Being practically housebound in the aftermath of my heart attack has granted me significantly more time to focus on writing. My cardiologist’s orders to rest providing me with a perfect opportunity to concentrate on the literary job in hand. Negating against having to sneak twenty minutes of penmanship in here and there between everyday tasks, as was the case pre-cardiac arrest.
As much as my current plight frustrates me, this hiatus from being carer, chauffeur, personal shopper, odd-job man, IT help desk, occasional cook and gardener for two family members has been warmly welcomed. Subsequently, I intend utilising not being so heavily relied upon at the moment to compose additional narratives.
Due to the doctor’s lifestyle edict, writing is one of two favoured hobbies in which I can currently partake. My habit of grinding my jaw bone being the only other pastime not frowned upon by my medical team. The latter hasn’t really took off yet as a spectator sport, but give it time and I’m sure it’ll be giving the World Gurning Championship a run for it’s money popularity wise.
The severe fatigue I’ve felt since my ‘medical incident’ isn’t a tiredness I’ve ever experienced before. Well, apart from maybe when I worked nightshifts on a rotating shift pattern in the 1980’s/90’s.
Times when my capricious body-clock only granted me two hours sleep a day. A gruelling experience which by the end of the working week resulted in such extreme tiredness on nightshift it wasn’t uncommon for me to momentarily nod off in my chair.

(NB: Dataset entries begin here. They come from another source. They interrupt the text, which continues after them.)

fun markov_P_seq :: "nat \<Rightarrow> poly3" where
  "markov_P_seq 0 = 1"
| "markov_P_seq (Suc 0) = var_u * var_w + (var_u + var_v)\<^sup>2"
| "markov_P_seq (Suc (Suc k)) =
     (var_u + var_v) * (var_w + var_u + var_v) * markov_P_seq (Suc k)
     - var_u * var_v * var_w\<^sup>2 * markov_P_seq k"

declare markov_P_seq.simps(3) [simp del]

lemma homogeneous3_markov_P_seq: "homogeneous3 (2 * k) (markov_P_seq k)"
proof (induction k rule: markov_P_seq.induct)
  case 1
  show ?case by (simp add: homogeneous3_one)
next
  case 2
  have "homogeneous3 1 (var_u + var_v)"
    by (intro homogeneous3_add homogeneous3_vars)
  then have "homogeneous3 (1 + 1) (var_u * var_w + (var_u + var_v) * (var_u + var_v))"
    by (intro homogeneous3_add homogeneous3_mult homogeneous3_vars)
  then show ?case
    by (simp add: power2_eq_square numeral_2_eq_2)
next
  case (3 k)
  have "homogeneous3 1 (var_u + var_v)" "homogeneous3 1 (var_w + var_u + var_v)"
    by (intro homogeneous3_add homogeneous3_vars)+
  then have "homogeneous3 (1 + 1 + 2 * Suc k)
      ((var_u + var_v) * (var_w + var_u + var_v) * markov_P_seq (Suc k))"
    by (intro homogeneous3_mult 3)
  moreover have "homogeneous3 (1 + 1 + (1 + 1) + 2 * k)
      (var_u * var_v * (var_w * var_w) * markov_P_seq k)"
    by (intro homogeneous3_mult homogeneous3_vars 3)
  ultimately show ?case
    by (simp add: markov_P_seq.simps(3) homogeneous3_diff power2_eq_square)
qed

(* P_k is read as a polynomial in w over Z[u,v]; bivar_u and bivar_v are u and v in that ring. *)
definition bivar_u :: "int poly poly" where "bivar_u = [:[:0, 1:]:]"
definition bivar_v :: "int poly poly" where "bivar_v = [:0, 1:]"

lemma coeff_markov_P_seq_Suc_Suc:
  "coeff (markov_P_seq (Suc (Suc k))) j =
     (bivar_u + bivar_v)\<^sup>2 * coeff (markov_P_seq (Suc k)) j
     + (if j = 0 then 0 else (bivar_u + bivar_v) * coeff (markov_P_seq (Suc k)) (j - 1))
     - (if j < 2 then 0 else bivar_u * bivar_v * coeff (markov_P_seq k) (j - 2))"
proof -
  have "markov_P_seq (Suc (Suc k)) =
      smult ((bivar_u + bivar_v)\<^sup>2) (markov_P_seq (Suc k))
      + pCons 0 (smult (bivar_u + bivar_v) (markov_P_seq (Suc k)))
      - pCons 0 (pCons 0 (smult (bivar_u * bivar_v) (markov_P_seq k)))"
    by (simp add: markov_P_seq.simps(3) var_u_def var_v_def var_w_def bivar_u_def bivar_v_def
        power2_eq_square algebra_simps)
  then show ?thesis
    by (cases j; cases "j - 1") (auto simp: coeff_pCons)
qed

lemma markov_P_seq_leading:
  "(\<forall>j>k. coeff (markov_P_seq k) j = 0) \<and> coeff (markov_P_seq k) k = bivar_u ^ k"
proof (induction k rule: markov_P_seq.induct)
  case 1
  show ?case by (simp add: coeff_1)
next
  case 2
  show ?case
    by (auto simp: var_u_def var_v_def var_w_def bivar_u_def power2_eq_square coeff_pCons
        split: nat.splits)
next
  case (3 k)
  have "coeff (markov_P_seq (Suc (Suc k))) j = 0" if "j > Suc (Suc k)" for j
    using 3 that by (simp add: coeff_markov_P_seq_Suc_Suc)
  moreover have "coeff (markov_P_seq (Suc (Suc k))) (Suc (Suc k)) = bivar_u ^ Suc (Suc k)"
    using 3 by (simp add: coeff_markov_P_seq_Suc_Suc algebra_simps)
  ultimately show ?case
    by blast
qed

fun subleading_cofactor :: "nat \<Rightarrow> int poly poly" where
  "subleading_cofactor 0 = 0"
| "subleading_cofactor (Suc 0) = 1"
| "subleading_cofactor (Suc (Suc k)) =
     (bivar_u + bivar_v) * subleading_cofactor (Suc k) - bivar_u * bivar_v * subleading_cofactor k
     + bivar_u ^ Suc k"

lemma coeff_markov_P_seq_subleading:
  "coeff (markov_P_seq (Suc k)) k = (bivar_u + bivar_v)\<^sup>2 * subleading_cofactor (Suc k)"
proof (induction k rule: subleading_cofactor.induct)
  case 1
  show ?case
    by (simp add: var_u_def var_v_def var_w_def bivar_u_def bivar_v_def power2_eq_square)
next
  case 2
  have "coeff (markov_P_seq (Suc 0)) 0 = (bivar_u + bivar_v)\<^sup>2"
    by (simp add: var_u_def var_v_def var_w_def bivar_u_def bivar_v_def power2_eq_square)
  then show ?case
    using markov_P_seq_leading[of 1]
    by (simp add: coeff_markov_P_seq_Suc_Suc algebra_simps power2_eq_square)
next
  case (3 k)
  have "coeff (markov_P_seq (Suc (Suc (Suc k)))) (Suc (Suc k)) =
      (bivar_u + bivar_v)\<^sup>2 * coeff (markov_P_seq (Suc (Suc k))) (Suc (Suc k))
      + (bivar_u + bivar_v) * coeff (markov_P_seq (Suc (Suc k))) (Suc k)
      - bivar_u * bivar_v * coeff (markov_P_seq (Suc k)) k"
    by (simp only: coeff_markov_P_seq_Suc_Suc) simp
  also have "\<dots> = (bivar_u + bivar_v)\<^sup>2 * (bivar_u ^ Suc (Suc k)
      + (bivar_u + bivar_v) * subleading_cofactor (Suc (Suc k))
      - bivar_u * bivar_v * subleading_cofactor (Suc k))"
    by (simp only: 3 conjunct2[OF markov_P_seq_leading]) (simp add: algebra_simps)
  finally show ?case
    by simp
qed

definition coeff2 :: "int poly poly \<Rightarrow> nat \<Rightarrow> nat \<Rightarrow> int" where
  "coeff2 p i j = coeff (coeff p j) i"

lemma coeff2_add [simp]: "coeff2 (p + q) i j = coeff2 p i j + coeff2 q i j"
  by (simp add: coeff2_def)

lemma coeff2_diff [simp]: "coeff2 (p - q) i j = coeff2 p i j - coeff2 q i j"
  by (simp add: coeff2_def)

lemma coeff2_bivar_u_mult [simp]:
  "coeff2 (bivar_u * p) i j = (if i = 0 then 0 else coeff2 p (i - 1) j)"
  by (cases i) (simp_all add: coeff2_def bivar_u_def coeff_pCons)

lemma coeff2_bivar_v_mult [simp]:
  "coeff2 (bivar_v * p) i j = (if j = 0 then 0 else coeff2 p i (j - 1))"
  by (cases j) (simp_all add: coeff2_def bivar_v_def coeff_pCons)

lemma coeff2_bivar_u_power [simp]:
  "coeff2 (bivar_u ^ n) i j = (if i = n \<and> j = 0 then 1 else 0)"
proof -
  have "bivar_u ^ n = [:monom 1 n:]"
    by (induction n) (simp_all add: bivar_u_def monom_Suc algebra_simps one_pCons)
  then show ?thesis
    by (simp add: coeff2_def coeff_pCons split: nat.splits)
qed

lemma coeff2_subleading_cofactor:
  "coeff2 (subleading_cofactor k) i j = (if i + j + 1 = k then int (i + 1) else 0)"
proof (induction k arbitrary: i j rule: subleading_cofactor.induct)
  case 1
  show ?case by (simp add: coeff2_def)
next
  case 2
  show ?case by (simp add: coeff2_def coeff_1)
next
  case (3 k)
  have recurrence: "subleading_cofactor (Suc (Suc k)) =
      bivar_u * subleading_cofactor (Suc k) + bivar_v * subleading_cofactor (Suc k)
      - bivar_u * (bivar_v * subleading_cofactor k) + bivar_u ^ Suc k"
    by (simp add: algebra_simps)
  show ?case
    unfolding recurrence by (simp add: 3) presburger
qed

lemma coeff3_markov_P_seq:
  assumes "0 < m" "m < n"
  shows "coeff3 (markov_P_seq n) m (n + 1 - m) (n - 1) = 4 * int m"
proof -
  obtain k where n: "n = Suc k"
    using assms by (cases n) auto
  have "coeff3 (markov_P_seq n) m (n + 1 - m) (n - 1) =
      coeff2 ((bivar_u + bivar_v)\<^sup>2 * subleading_cofactor n) m (n + 1 - m)"
    by (simp add: coeff3_def coeff2_def n coeff_markov_P_seq_subleading)
  also have "(bivar_u + bivar_v)\<^sup>2 * subleading_cofactor n =
      bivar_u * (bivar_u * subleading_cofactor n) + bivar_u * (bivar_v * subleading_cofactor n)
      + bivar_u * (bivar_v * subleading_cofactor n) + bivar_v * (bivar_v * subleading_cofactor n)"
    by (simp add: algebra_simps power2_eq_square)
  also have "coeff2 \<dots> m (n + 1 - m) = 4 * int m"
    using assms
    by (simp only: coeff2_add coeff2_bivar_u_mult coeff2_bivar_v_mult coeff2_subleading_cofactor)
      auto
  finally show ?thesis .
qed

A problematic condition which led Staines Narcolepsy & Occupational Rehabilitation Executive (SNORE) make me an honorary narcoleptic. Sadly, institutional snobbery within the hallowed halls of the narcolepsy movement barred me from the higher accolade of becoming a full narcoleptic. However, if I’d have worked permanent nightshifts it’s a position I’d no doubt have secured with consummate ease.

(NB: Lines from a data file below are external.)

lemma isCont_velocity:
  assumes "t0 < t" "t \<notin> switch_times"
  shows "isCont velocity t"
proof -
  let ?s = "stimulus DT tau t x"
  have w: "isCont w t"
    using continuous_on_interior[OF continuous_on_w[of "t + 1"]] assms by simp
  have f: "isCont f u" for u using f_cont by (simp add: continuous_on_eq_continuous_at)
  have "isCont (\<lambda>r. f (w r \<bullet> ?s - \<theta>)) t"
    by (rule isCont_o2[OF _ f]) (intro continuous_intros w)
  then have "isCont (\<lambda>r. learning_rhs \<alpha> f \<theta> ?s (w r)) t"
    unfolding learning_rhs_def neuron_v_def neuron_y_def using w by (intro continuous_intros)
  moreover have "\<forall>\<^sub>F r in nhds t. velocity r = learning_rhs \<alpha> f \<theta> ?s (w r)"
    using active_eventually_constant[OF assms(2)]
    by eventually_elim (simp add: velocity_def stimulus_eq)
  ultimately show ?thesis by (simp add: isCont_cong)
qed

lemma has_vector_derivative_w:
  assumes t: "t0 < t" "t \<notin> switch_times"
  shows "(w has_vector_derivative velocity t) (at t)"
proof -
  have "velocity integrable_on {t0..t + 1}"
    using has_integral_velocity[of "t + 1"] t by (auto simp: has_integral_integrable)
  then have "((\<lambda>u. integral {t0..u} velocity) has_vector_derivative velocity t)
      (at t within {t0..t + 1} - {})"
    by (rule integral_has_vector_derivative_continuous_at)
       (use t isCont_velocity[OF t] in \<open>auto intro: continuous_at_imp_continuous_within\<close>)
  then have "((\<lambda>u. w0 + integral {t0..u} velocity) has_vector_derivative velocity t) (at t)"
    using at_within_interior[of t "{t0..t + 1}"] t by (auto intro!: derivative_eq_intros)
  then show ?thesis
    by (rule has_vector_derivative_transform_within_open[where S = "{t0<..<t + 1}"])
       (use t w_eq_integral in auto)
qed

lemma has_real_derivative_proj:
  "t0 < t \<Longrightarrow> t \<notin> switch_times \<Longrightarrow> (proj has_real_derivative proj_velocity t) (at t)"
  unfolding proj_def proj_velocity_def
  by (rule has_real_derivative_inner_left[OF has_vector_derivative_w])

lemma continuous_on_proj: "continuous_on {t0..b} proj"
  unfolding proj_def by (intro continuous_intros continuous_on_w)

lemma proj_velocity_active:
  "active t \<Longrightarrow> proj_velocity t = \<alpha> * f (proj t - \<theta>) * proj t * ((norm x)\<^sup>2 - (proj t)\<^sup>2)"
  by (simp add: proj_velocity_def velocity_active inner_diff_left dot_square_norm proj_def
      power2_eq_square)

lemma proj_velocity_inactive: "\<not> active t \<Longrightarrow> proj_velocity t = 0"
  by (simp add: proj_velocity_def velocity_inactive)

lemma proj_initial: "proj t0 = w0 \<bullet> x"
  using w_eq_integral[of t0] by (simp add: proj_def)

lemma proj_ge_if_repelled_below:
  assumes "t0 \<le> t" "m \<le> w0 \<bullet> x"
    and "\<And>t. t0 < t \<Longrightarrow> active t \<Longrightarrow> proj t < m \<Longrightarrow> 0 \<le> proj_velocity t"
  shows "m \<le> proj t"
proof (rule lower_barrier[OF assms(1) finite_switch_times_le[of t] continuous_on_proj])
  show "m \<le> proj t0" using assms(2) by (simp add: proj_initial)
next
  fix u assume u: "u \<in> {t0<..<t} - switch_times \<inter> {..t}"
  then show "(proj has_real_derivative proj_velocity u) (at u)"
    using has_real_derivative_proj by auto
  show "proj u < m \<Longrightarrow> 0 \<le> proj_velocity u"
    using u assms(3)[of u] proj_velocity_inactive[of u] by (cases "active u") auto
qed

lemma proj_le_if_repelled_above:
  assumes "t0 \<le> t" "w0 \<bullet> x \<le> M"
    and "\<And>t. t0 < t \<Longrightarrow> active t \<Longrightarrow> M < proj t \<Longrightarrow> proj_velocity t \<le> 0"
  shows "proj t \<le> M"
proof -
  have "- M \<le> - proj t"
  proof (rule lower_barrier[OF assms(1) finite_switch_times_le[of t]])
    show "continuous_on {t0..t} (\<lambda>t. - proj t)" by (intro continuous_intros continuous_on_proj)
    show "- M \<le> - proj t0" using assms(2) by (simp add: proj_initial)
  next
    fix u assume u: "u \<in> {t0<..<t} - switch_times \<inter> {..t}"
    then show "((\<lambda>t. - proj t) has_real_derivative - proj_velocity u) (at u)"
      using has_real_derivative_proj by (auto intro!: derivative_eq_intros)
    show "- proj u < - M \<Longrightarrow> 0 \<le> - proj_velocity u"
      using u assms(3)[of u] proj_velocity_inactive[of u] by (cases "active u") auto
  qed
  then show ?thesis by simp
qed

lemma proj_ge_threshold:
  assumes "t0 \<le> t"
  shows "\<theta> \<le> proj t"
proof (rule proj_ge_if_repelled_below[OF assms])
  show "\<theta> \<le> w0 \<bullet> x" using init by simp
  fix s assume "t0 < s" "active s" "proj s < \<theta>"
  then show "0 \<le> proj_velocity s" using f_nonpos by (simp add: proj_velocity_active)
qed

lemma proj_between:
  assumes "t0 \<le> t"
  shows "min (w0 \<bullet> x) (norm x) \<le> proj t" "proj t \<le> max (w0 \<bullet> x) (norm x)"
proof -
  show "min (w0 \<bullet> x) (norm x) \<le> proj t"
  proof (rule proj_ge_if_repelled_below[OF assms])
    fix s assume s: "t0 < s" "active s" "proj s < min (w0 \<bullet> x) (norm x)"
    moreover have "0 \<le> proj s" using proj_ge_threshold[of s] theta_nonneg s(1) by simp
    ultimately have "(proj s)\<^sup>2 \<le> (norm x)\<^sup>2" by (auto intro: power_mono)
    then show "0 \<le> proj_velocity s"
      using proj_velocity_active[OF s(2)] \<open>0 \<le> proj s\<close> f_nonneg alpha_pos by simp
  qed simp
  show "proj t \<le> max (w0 \<bullet> x) (norm x)"
  proof (rule proj_le_if_repelled_above[OF assms])
    fix s assume s: "t0 < s" "active s" "max (w0 \<bullet> x) (norm x) < proj s"
    then have "norm x < proj s" by simp
    then have "0 \<le> proj s" using norm_ge_zero[of x] by linarith
    moreover have "(norm x)\<^sup>2 \<le> (proj s)\<^sup>2" using \<open>norm x < proj s\<close> by (intro power_mono) auto
    ultimately show "proj_velocity s \<le> 0"
      using proj_velocity_active[OF s(2)] f_nonneg alpha_pos by (simp add: mult_nonneg_nonpos)
  qed simp
qed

I truly hated working nightshifts; my existential nemesis every fourth week between 1983 until 2003. The fatigue levels consequential from the resultant sleep deprivation were such it physically hurt.
On one particular nightshift, during a sleepless week in the 1990’s, a colleague approached me at my workstation and remarked “You look really tired, Gary!”, Feeling utterly shattered and uninterested in engaging in conversation I tetchily responded “I am.”. A rudeness that caused my well-meaning colleague to return to his desk.
It wasn’t the most insightful conversation I ever had with a work colleague, nor is it a tale that’ll secure me the 2019 Raconteur of the Year award. However, I thought I’d include the tale in an attempt to paint a whimsical slant on how sleeplessness affected my work…… If I ever broach this subject again I’ll endeavour to make the next one funny!!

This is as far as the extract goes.